Je vous propose ci-dessous ma traduction intégrale de cet entretien, non sans relever quelques points très révélateurs. On y apprend par exemple que selon cet archevêque, Dieu se « retire » de l’histoire après la Création : « Dieu crée mais se retire ensuite. Il quitte l’homme en disant : “Va !” »
Dans cette curieuse conception de la liberté, quid de l’action surnaturelle de Dieu dans le monde ? Interpellé sur ce point par Diane Montagna, Mgr Zani a un peu aménagé son propos pour rappeler que Dieu intervient pour dire (à Caïn) : « Où est ton frère ? » « Par conséquent, Dieu ne se retire pas. Il est là, mais Il ne veut pas remplacer l’homme. » Tout cela ne brille pas par la clarté, mais on retiendra que la notion du péché originel est absente du propos de Zani, qui interprète d’ailleurs l’Incarnation à cette sauce étrange :
« Et donc, au moment de la Création — ceci est un point de vue chrétien, car le christianisme a sa propre vision spécifique — à un certain moment, Dieu voit l’homme désorienté, et il envoie son Fils — l’Incarnation. » L’Incarnation n’est plus la venue du Messie et du Sauveur, promise depuis l’origine pour racheter l’humanité privée du salut éternel par la faute des premiers parents, mais une espèce de séance de rattrapage au moment où l’homme ne sait plus où il va.
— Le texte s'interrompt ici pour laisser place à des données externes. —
(* Let $p$ be a prime and $G$ an extraspecial $p$-group. Then the only subsets of $G$ of the form $w(G)$ with $d\ge1$ and $w\in F_d$ are $\{1\}$, $Z(G)$ and $G$.
   Context: A special $p$-group is a finite $p$-group whose center, derived subgroup and Frattini subgroup coincide and are elementary abelian; it is extraspecial if $|Z(G)|=p$. $F_d$ is the free group on $d$ letters and $w(G)$ is the image of the word map $G^d\to G$ given by evaluating $w$. *)

theory Defs
  imports "HOL-Algebra.Algebra"
begin

definition group_center :: "('a, 'b) monoid_scheme \<Rightarrow> 'a set" where
  "group_center G = {z \<in> carrier G. \<forall>g \<in> carrier G. z \<otimes>\<^bsub>G\<^esub> g = g \<otimes>\<^bsub>G\<^esub> z}"

definition maximal_subgroup :: "('a, 'b) monoid_scheme \<Rightarrow> 'a set \<Rightarrow> bool" where
  "maximal_subgroup G M \<longleftrightarrow> subgroup M G \<and> M \<noteq> carrier G \<and>
     (\<forall>H. subgroup H G \<and> M \<subseteq> H \<longrightarrow> H = M \<or> H = carrier G)"

definition frattini :: "('a, 'b) monoid_scheme \<Rightarrow> 'a set" where
  "frattini G = {x \<in> carrier G. \<forall>M. maximal_subgroup G M \<longrightarrow> x \<in> M}"

definition p_group :: "nat \<Rightarrow> ('a, 'b) monoid_scheme \<Rightarrow> bool" where
  "p_group p G \<longleftrightarrow> finite (carrier G) \<and> (\<exists>n. order G = p ^ n)"

definition elementary_abelian :: "nat \<Rightarrow> ('a, 'b) monoid_scheme \<Rightarrow> 'a set \<Rightarrow> bool" where
  "elementary_abelian p G H \<longleftrightarrow> subgroup H G \<and>
     (\<forall>x \<in> H. \<forall>y \<in> H. x \<otimes>\<^bsub>G\<^esub> y = y \<otimes>\<^bsub>G\<^esub> x) \<and>
     (\<forall>x \<in> H. x [^]\<^bsub>G\<^esub> p = \<one>\<^bsub>G\<^esub>)"

definition special_p_group :: "nat \<Rightarrow> ('a, 'b) monoid_scheme \<Rightarrow> bool" where
  "special_p_group p G \<longleftrightarrow> p_group p G \<and>
     group_center G = derived G (carrier G) \<and>
     derived G (carrier G) = frattini G \<and>
     elementary_abelian p G (group_center G)"

definition extraspecial_p_group :: "nat \<Rightarrow> ('a, 'b) monoid_scheme \<Rightarrow> bool" where
  "extraspecial_p_group p G \<longleftrightarrow> special_p_group p G \<and> card (group_center G) = p"

text \<open>Elements of the free group F_d are represented by (not necessarily reduced) words
  in the letters x_0,...,x_{d-1} and their inverses: a pair (i, True) is x_i, (i, False) is x_i^{-1}.\<close>
type_synonym word = "(nat \<times> bool) list"

definition free_words :: "nat \<Rightarrow> word set" where
  "free_words d = {w. \<forall>(i, b) \<in> set w. i < d}"

fun word_eval :: "('a, 'b) monoid_scheme \<Rightarrow> (nat \<Rightarrow> 'a) \<Rightarrow> word \<Rightarrow> 'a" where
  "word_eval G g [] = \<one>\<^bsub>G\<^esub>"
| "word_eval G g ((i, b) # w) =
     (if b then g i else inv\<^bsub>G\<^esub> (g i)) \<otimes>\<^bsub>G\<^esub> word_eval G g w"

definition word_image :: "('a, 'b) monoid_scheme \<Rightarrow> nat \<Rightarrow> word \<Rightarrow> 'a set" where
  "word_image G d w = {word_eval G g w | g. g \<in> {..<d} \<rightarrow>\<^sub>E carrier G}"

end

theory Submission
  imports Defs
begin

text \<open>Write \<open>e_i(w)\<close> for the exponent sum of the letter \<open>x_i\<close> in \<open>w\<close>. If \<open>p\<close> does not divide
  some \<open>e_i(w)\<close>, then setting the other letters to \<open>1\<close> turns \<open>w\<close> into the power map \<open>x \<mapsto> x^e_i(w)\<close>,
  a bijection of the \<open>p\<close>-group \<open>G\<close>, so \<open>w(G) = G\<close>. Otherwise, as commutators and \<open>p\<close>-th powers lie in
  \<open>Z = Z(G) = G' = \<Phi>(G)\<close> of order \<open>p\<close>, the word as a function of one letter \<open>x\<close>, the others fixed,
  is \<open>x \<mapsto> U x^e [x, T]\<close> with \<open>U \<in> Z\<close> and \<open>x \<mapsto> x^e [x, T]\<close> a homomorphism into \<open>Z\<close>. Hence
  \<open>w(G) \<subseteq> Z\<close>, and since \<open>Z\<close> has prime order each such one-letter section is either constant or
  sweeps out all of \<open>U Z = Z\<close>. Changing the letters one at a time from \<open>1\<close> to an assignment where
  \<open>w \<noteq> 1\<close> produces a non-constant section, so \<open>w(G)\<close> is \<open>{1}\<close> or \<open>Z\<close>. All three sets occur: the
  empty word gives \<open>{1}\<close>, the word \<open>x_0\<close> gives \<open>G\<close>, and the commutator word gives \<open>Z\<close> because
  \<open>G\<close> is non-abelian.\<close>

fun exponent_sum :: "nat \<Rightarrow> word \<Rightarrow> int" where
  "exponent_sum i [] = 0"
| "exponent_sum i ((j, b) # w) = (if j = i then (if b then 1 else -1) else 0) + exponent_sum i w"

definition word_range :: "('a, 'b) monoid_scheme \<Rightarrow> word \<Rightarrow> 'a set" where
  "word_range G w = {word_eval G g w | g. \<forall>j. g j \<in> carrier G}"

definition commutator :: "('a, 'b) monoid_scheme \<Rightarrow> 'a \<Rightarrow> 'a \<Rightarrow> 'a" where
  "commutator G x y = inv\<^bsub>G\<^esub> x \<otimes>\<^bsub>G\<^esub> inv\<^bsub>G\<^esub> y \<otimes>\<^bsub>G\<^esub> x \<otimes>\<^bsub>G\<^esub> y"

definition commutator_word :: word where
  "commutator_word = [(0, False), (1, False), (0, True), (1, True)]"

lemma word_eval_cong:
  "(\<And>j b. (j, b) \<in> set w \<Longrightarrow> g j = g' j) \<Longrightarrow> word_eval G g w = word_eval G g' w"
  by (induction w) fastforce+

lemma coprime_prime_power_if_not_dvd:
  assumes "Factorial_Ring.prime p" and "\<not> int p dvd e"
  shows "coprime e (int (p ^ n))"
proof -
  have "coprime (int p) e" using assms by (intro prime_imp_coprime) simp_all
  then show ?thesis by (simp add: coprime_commute)
qed

context group
begin

lemma word_eval_closed: "\<forall>j. g j \<in> carrier G \<Longrightarrow> word_eval G g w \<in> carrier G"
  by (induction w) auto

lemma word_eval_one [simp]: "word_eval G (\<lambda>_. \<one>) w = \<one>"
  by (induction w) auto

lemma letter_eq_int_pow:
  "x \<in> carrier G \<Longrightarrow> (if b then x else inv x) = x [^] (if b then 1 else -1 :: int)"
  using int_pow_neg[of x 1] by simp

lemma word_eval_single_variable:
  assumes x: "x \<in> carrier G"
  shows "word_eval G (\<lambda>j. if j = i then x else \<one>) w = x [^] exponent_sum i w"
proof (induction w)
  case (Cons a w)
  obtain j b where "a = (j, b)" by fastforce
  with Cons x show ?case
    by (cases "j = i") (simp_all add: letter_eq_int_pow int_pow_mult)
qed simp

lemma word_rangeI: "\<forall>j. g j \<in> carrier G \<Longrightarrow> word_eval G g w \<in> word_range G w"
  by (auto simp: word_range_def)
Parmi les propos plus ou moins classiques de Mgr Zani, on retiendra aussi ceux-ci : le pacte éducatif mondial veut se mettre « au service de toute l’humanité dans la liberté », sans qu’il ne soit jamais question de mission, de conversion, d’attirer les jeunes à la vérité. Le premier objectif commun n’est d’ailleurs pas de prêcher la vraie foi, mais de « prendre soin de la création et de l’avenir du monde » – ce n’est pas pour rien que l’affaire s’inscrit dans la logique de Laudato si' et qu’il est placé sur un pied d’égalité avec la COP qui se déroulera en décembre à Glasgow.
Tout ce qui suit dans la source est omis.